- **Stored items**:
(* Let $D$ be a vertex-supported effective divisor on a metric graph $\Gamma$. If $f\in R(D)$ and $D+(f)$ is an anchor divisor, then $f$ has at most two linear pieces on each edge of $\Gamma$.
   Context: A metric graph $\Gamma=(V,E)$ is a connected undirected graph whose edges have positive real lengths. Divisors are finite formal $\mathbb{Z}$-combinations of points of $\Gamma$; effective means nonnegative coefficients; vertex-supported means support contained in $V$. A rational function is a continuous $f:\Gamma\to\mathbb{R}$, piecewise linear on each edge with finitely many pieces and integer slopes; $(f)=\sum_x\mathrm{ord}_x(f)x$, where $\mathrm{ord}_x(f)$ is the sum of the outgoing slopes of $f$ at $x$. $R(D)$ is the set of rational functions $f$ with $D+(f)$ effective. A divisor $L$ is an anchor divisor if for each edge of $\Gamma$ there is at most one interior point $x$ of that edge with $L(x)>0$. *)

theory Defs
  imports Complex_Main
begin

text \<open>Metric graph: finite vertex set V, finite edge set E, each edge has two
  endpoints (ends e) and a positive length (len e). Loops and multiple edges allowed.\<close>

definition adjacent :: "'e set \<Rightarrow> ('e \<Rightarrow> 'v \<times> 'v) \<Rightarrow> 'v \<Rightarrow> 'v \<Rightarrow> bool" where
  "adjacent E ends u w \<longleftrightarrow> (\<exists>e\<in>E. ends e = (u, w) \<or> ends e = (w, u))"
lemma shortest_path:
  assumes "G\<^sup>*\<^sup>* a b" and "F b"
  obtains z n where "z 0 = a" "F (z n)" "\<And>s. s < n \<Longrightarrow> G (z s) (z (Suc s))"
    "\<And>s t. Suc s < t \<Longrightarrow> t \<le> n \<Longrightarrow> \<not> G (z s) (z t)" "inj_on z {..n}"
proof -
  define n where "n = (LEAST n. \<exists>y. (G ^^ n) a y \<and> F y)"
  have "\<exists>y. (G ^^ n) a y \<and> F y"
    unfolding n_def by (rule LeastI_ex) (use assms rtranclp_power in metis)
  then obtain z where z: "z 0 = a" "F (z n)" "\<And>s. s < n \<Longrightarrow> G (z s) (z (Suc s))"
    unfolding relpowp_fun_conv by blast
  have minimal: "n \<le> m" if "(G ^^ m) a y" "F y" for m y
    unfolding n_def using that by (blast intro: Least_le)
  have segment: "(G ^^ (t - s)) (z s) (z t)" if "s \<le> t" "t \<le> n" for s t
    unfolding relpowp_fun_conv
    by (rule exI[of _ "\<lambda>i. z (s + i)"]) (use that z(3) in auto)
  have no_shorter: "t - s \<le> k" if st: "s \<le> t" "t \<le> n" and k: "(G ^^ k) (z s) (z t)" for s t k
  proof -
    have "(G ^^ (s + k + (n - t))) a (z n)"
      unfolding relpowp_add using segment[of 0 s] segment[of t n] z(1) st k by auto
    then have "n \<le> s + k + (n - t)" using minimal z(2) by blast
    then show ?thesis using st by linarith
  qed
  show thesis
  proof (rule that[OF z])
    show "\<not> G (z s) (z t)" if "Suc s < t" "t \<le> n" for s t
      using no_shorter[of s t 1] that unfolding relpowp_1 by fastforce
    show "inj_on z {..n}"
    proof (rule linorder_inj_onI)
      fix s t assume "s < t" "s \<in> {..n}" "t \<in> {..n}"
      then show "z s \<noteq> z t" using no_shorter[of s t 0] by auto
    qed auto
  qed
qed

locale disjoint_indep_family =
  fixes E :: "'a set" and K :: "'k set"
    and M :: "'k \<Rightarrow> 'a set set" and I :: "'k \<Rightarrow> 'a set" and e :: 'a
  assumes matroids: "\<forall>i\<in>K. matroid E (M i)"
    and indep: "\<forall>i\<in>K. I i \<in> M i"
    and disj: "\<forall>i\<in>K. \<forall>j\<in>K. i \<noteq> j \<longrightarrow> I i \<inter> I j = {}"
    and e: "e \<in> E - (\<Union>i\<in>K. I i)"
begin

- **THE TASK**: Each line of the data that holds the word "assumes" should be copied.

- **SOLUTION TO THE EXERCISE**:
  assumes "G\<^sup>*\<^sup>* a b" and "F b"
  assumes matroids: "\<forall>i\<in>K. matroid E (M i)"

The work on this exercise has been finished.